*WHAT YOU HAVE TO DO*
Please copy every line of the records below that holds the word "lemma".

Saved data entries:
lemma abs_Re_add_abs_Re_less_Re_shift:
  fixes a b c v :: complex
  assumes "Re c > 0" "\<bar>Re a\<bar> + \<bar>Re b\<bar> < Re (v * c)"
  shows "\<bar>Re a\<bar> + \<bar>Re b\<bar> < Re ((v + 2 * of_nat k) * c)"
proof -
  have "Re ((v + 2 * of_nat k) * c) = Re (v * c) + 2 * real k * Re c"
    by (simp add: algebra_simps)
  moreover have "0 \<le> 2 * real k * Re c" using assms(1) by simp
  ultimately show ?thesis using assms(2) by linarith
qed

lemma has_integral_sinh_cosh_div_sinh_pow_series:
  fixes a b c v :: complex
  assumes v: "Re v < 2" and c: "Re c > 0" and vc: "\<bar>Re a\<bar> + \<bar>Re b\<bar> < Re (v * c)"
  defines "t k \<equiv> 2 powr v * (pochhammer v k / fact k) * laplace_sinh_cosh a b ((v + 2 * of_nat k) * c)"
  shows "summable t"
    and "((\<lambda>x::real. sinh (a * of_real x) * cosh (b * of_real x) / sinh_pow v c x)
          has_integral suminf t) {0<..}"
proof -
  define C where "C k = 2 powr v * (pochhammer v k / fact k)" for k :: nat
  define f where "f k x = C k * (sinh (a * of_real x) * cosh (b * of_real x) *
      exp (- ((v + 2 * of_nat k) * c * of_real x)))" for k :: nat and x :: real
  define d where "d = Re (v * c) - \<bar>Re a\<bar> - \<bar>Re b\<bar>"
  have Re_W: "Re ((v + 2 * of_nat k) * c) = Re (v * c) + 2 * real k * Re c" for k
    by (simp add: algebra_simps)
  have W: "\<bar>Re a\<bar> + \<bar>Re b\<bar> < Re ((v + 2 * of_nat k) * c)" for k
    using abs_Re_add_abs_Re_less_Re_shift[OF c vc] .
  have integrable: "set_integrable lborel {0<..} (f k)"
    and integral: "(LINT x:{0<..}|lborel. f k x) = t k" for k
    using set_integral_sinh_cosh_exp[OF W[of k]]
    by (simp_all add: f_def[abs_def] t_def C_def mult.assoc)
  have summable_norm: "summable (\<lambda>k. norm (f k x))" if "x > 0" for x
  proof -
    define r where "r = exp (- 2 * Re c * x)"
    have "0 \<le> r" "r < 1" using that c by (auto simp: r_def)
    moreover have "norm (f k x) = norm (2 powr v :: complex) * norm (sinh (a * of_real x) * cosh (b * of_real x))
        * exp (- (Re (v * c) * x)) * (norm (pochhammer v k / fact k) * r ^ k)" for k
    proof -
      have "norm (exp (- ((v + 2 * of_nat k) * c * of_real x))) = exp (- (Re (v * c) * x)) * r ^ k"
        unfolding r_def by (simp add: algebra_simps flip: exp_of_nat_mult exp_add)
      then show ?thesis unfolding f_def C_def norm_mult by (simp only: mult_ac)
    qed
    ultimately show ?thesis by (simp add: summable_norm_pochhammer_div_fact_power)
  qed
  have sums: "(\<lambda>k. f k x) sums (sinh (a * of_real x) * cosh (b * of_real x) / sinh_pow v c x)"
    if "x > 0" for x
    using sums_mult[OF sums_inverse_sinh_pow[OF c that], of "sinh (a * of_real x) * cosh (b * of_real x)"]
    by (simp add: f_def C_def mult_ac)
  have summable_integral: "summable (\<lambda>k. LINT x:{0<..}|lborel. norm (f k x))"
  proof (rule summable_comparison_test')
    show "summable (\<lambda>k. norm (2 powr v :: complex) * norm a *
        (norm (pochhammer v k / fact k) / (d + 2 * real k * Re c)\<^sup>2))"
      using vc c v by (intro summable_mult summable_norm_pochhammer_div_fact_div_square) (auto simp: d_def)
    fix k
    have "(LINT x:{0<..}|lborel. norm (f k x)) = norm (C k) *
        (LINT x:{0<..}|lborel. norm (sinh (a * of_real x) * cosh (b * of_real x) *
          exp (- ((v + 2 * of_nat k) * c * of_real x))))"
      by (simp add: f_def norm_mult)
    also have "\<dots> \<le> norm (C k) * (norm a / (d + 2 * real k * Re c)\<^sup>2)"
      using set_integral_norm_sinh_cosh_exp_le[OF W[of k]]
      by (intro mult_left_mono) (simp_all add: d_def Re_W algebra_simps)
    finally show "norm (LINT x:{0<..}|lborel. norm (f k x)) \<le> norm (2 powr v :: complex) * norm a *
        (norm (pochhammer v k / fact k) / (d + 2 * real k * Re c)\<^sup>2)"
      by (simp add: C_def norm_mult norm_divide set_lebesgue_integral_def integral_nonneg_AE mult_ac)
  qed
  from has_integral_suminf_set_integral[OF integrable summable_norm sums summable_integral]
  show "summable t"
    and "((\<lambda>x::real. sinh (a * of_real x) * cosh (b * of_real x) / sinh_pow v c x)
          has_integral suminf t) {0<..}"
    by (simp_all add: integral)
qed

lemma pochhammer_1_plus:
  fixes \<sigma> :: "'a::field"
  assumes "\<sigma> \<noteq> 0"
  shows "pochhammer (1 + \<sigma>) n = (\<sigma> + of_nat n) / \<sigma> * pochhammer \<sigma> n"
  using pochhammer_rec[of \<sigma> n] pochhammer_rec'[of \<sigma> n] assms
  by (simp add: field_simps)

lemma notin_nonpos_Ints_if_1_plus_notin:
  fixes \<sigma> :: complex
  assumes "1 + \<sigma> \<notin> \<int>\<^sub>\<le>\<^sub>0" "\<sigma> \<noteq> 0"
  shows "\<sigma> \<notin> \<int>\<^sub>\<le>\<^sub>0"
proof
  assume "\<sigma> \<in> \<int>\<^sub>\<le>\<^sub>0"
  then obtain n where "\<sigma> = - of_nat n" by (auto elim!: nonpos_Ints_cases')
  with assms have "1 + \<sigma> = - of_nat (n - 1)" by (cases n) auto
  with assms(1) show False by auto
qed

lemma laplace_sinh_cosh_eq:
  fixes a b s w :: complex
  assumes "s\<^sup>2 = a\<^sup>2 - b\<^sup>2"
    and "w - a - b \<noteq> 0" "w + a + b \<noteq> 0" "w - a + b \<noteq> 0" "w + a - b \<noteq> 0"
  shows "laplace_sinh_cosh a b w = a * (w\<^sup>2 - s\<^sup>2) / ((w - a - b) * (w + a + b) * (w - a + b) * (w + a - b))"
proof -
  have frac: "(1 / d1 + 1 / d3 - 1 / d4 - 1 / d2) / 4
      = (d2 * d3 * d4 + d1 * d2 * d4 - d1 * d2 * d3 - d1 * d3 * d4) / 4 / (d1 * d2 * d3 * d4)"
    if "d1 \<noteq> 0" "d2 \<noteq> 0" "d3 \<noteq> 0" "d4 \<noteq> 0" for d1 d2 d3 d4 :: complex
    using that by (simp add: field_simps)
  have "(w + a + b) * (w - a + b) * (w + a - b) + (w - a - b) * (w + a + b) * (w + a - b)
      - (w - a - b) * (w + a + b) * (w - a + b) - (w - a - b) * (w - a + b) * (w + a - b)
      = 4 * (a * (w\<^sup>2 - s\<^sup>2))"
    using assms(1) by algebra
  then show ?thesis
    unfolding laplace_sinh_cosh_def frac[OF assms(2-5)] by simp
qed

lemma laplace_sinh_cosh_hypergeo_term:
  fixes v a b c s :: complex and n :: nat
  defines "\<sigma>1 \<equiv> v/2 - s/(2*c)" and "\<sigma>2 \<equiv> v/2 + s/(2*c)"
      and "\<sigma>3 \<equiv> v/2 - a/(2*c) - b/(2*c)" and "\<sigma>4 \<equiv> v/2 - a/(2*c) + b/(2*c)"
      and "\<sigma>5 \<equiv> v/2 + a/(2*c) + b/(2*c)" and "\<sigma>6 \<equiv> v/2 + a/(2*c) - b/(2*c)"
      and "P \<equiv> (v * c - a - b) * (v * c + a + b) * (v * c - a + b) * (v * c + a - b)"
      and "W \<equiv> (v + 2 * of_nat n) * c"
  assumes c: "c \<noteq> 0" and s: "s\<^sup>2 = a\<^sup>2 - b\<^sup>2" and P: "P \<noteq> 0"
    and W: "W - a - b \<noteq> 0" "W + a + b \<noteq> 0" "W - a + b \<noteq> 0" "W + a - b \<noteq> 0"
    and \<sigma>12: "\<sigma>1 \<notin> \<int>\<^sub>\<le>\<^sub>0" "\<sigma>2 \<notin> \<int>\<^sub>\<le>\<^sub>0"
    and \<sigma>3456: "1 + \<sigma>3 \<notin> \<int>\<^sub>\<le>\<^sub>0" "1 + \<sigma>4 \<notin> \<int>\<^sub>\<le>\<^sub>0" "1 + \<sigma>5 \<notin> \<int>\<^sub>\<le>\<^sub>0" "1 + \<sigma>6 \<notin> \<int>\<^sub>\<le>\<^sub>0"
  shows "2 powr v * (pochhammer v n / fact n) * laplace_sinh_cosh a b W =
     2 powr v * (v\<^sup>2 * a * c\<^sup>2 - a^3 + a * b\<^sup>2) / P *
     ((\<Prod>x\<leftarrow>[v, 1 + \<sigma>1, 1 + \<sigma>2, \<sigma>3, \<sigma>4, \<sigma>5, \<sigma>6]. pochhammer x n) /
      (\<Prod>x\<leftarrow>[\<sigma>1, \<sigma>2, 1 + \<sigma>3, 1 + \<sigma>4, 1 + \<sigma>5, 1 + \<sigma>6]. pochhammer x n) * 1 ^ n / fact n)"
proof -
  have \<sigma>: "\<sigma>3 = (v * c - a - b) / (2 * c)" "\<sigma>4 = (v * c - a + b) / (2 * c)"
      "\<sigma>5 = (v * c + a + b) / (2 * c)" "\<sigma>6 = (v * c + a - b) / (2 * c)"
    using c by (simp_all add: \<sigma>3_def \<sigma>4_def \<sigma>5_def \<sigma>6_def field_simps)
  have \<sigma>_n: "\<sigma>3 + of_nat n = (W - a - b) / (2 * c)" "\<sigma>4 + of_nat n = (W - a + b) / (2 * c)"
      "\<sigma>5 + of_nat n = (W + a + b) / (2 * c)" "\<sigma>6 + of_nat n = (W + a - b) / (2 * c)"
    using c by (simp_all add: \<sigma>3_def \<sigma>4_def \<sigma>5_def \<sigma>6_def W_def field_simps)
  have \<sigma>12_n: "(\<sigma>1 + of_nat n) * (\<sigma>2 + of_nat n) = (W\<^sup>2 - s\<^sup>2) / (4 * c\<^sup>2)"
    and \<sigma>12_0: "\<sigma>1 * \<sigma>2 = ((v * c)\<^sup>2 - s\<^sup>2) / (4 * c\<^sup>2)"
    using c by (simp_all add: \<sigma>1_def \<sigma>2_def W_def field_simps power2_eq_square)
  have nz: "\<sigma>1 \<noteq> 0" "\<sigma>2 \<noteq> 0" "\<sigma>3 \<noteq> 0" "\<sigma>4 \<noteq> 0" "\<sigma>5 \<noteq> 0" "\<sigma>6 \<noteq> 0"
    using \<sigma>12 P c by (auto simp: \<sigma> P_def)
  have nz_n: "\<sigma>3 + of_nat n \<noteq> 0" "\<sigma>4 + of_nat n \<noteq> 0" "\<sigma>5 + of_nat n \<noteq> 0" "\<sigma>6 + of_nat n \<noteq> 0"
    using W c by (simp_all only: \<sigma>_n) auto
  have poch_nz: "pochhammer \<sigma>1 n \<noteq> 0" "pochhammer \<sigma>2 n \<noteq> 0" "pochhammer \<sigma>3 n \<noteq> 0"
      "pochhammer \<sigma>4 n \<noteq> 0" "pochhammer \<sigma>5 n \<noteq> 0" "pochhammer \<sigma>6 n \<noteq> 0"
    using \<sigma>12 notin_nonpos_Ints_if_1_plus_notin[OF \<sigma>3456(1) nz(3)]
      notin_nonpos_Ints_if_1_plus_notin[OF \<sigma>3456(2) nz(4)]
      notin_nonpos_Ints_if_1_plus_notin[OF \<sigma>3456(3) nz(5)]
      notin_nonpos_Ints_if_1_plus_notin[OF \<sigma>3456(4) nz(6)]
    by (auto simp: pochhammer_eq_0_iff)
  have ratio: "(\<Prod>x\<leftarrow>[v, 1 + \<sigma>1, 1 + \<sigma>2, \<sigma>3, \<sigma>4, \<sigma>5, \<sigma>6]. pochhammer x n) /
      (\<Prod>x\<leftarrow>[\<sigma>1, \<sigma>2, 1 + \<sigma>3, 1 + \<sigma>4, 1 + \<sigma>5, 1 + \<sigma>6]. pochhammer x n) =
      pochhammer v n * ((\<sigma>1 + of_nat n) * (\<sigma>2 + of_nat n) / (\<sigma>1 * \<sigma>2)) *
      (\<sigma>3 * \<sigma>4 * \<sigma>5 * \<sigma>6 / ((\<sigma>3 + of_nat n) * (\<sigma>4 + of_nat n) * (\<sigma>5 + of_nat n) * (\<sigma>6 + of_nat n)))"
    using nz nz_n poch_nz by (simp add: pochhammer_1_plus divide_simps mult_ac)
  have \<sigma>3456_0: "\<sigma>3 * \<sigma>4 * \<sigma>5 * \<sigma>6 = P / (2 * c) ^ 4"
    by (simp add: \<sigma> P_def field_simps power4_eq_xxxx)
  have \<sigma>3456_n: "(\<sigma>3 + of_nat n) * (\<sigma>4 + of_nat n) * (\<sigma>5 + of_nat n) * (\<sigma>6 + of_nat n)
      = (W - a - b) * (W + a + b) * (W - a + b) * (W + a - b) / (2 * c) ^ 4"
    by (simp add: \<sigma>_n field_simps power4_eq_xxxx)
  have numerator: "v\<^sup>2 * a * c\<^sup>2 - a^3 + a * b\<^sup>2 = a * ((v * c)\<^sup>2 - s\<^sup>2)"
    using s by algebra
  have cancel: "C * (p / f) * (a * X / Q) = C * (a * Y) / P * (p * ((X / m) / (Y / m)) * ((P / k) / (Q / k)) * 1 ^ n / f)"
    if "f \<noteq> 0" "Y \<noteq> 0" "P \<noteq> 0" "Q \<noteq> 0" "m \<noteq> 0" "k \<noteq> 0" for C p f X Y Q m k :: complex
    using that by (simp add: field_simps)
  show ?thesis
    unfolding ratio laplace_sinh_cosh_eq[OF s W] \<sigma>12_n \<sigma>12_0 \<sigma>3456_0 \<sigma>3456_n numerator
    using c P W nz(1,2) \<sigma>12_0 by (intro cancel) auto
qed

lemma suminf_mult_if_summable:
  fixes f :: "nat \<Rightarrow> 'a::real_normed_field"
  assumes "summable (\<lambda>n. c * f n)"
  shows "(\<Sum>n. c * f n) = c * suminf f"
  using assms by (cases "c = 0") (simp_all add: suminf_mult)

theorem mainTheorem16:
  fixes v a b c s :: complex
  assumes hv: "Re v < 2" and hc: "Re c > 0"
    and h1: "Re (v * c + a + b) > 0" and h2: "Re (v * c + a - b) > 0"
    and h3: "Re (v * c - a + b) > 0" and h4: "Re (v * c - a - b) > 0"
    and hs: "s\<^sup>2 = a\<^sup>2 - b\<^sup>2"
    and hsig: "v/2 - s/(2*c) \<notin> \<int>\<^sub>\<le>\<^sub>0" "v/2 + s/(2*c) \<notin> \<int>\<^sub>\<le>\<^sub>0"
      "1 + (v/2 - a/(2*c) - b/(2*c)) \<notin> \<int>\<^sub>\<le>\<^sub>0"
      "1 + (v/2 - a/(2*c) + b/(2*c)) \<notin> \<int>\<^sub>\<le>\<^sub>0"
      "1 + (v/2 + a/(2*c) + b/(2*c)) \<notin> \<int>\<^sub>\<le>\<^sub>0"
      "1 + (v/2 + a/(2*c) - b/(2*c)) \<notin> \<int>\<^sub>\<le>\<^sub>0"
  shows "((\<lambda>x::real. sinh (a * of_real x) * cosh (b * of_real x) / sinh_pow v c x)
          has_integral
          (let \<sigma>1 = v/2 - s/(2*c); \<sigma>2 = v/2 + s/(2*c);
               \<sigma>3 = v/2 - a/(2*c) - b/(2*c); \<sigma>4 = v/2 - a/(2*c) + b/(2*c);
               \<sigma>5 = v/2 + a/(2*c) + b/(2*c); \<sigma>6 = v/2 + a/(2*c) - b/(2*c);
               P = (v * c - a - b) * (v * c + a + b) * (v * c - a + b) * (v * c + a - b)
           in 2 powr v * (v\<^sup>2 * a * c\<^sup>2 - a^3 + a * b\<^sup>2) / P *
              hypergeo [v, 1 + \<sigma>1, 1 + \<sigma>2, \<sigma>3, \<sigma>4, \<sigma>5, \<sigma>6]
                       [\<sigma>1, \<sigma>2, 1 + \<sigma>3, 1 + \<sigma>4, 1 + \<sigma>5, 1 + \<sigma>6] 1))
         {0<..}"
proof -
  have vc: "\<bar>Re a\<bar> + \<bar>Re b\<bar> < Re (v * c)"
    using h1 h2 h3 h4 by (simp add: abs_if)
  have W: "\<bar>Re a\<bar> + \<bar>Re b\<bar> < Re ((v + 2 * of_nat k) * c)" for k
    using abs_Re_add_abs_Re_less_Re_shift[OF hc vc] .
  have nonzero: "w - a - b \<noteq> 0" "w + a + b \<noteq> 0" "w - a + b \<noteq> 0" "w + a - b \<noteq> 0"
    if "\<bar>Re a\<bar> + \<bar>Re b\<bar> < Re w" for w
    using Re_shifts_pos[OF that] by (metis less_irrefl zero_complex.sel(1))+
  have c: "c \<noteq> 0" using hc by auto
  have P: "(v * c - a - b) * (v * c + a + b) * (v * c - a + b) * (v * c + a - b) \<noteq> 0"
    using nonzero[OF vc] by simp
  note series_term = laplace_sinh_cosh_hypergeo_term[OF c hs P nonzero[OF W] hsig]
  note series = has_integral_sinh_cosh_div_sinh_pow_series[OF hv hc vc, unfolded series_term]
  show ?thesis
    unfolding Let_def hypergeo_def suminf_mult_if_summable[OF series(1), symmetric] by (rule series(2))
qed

*WRITTEN ANSWER*
lemma abs_Re_add_abs_Re_less_Re_shift:
lemma has_integral_sinh_cosh_div_sinh_pow_series:
lemma pochhammer_1_plus:
lemma notin_nonpos_Ints_if_1_plus_notin:
lemma laplace_sinh_cosh_eq:
lemma laplace_sinh_cosh_hypergeo_term:
lemma suminf_mult_if_summable:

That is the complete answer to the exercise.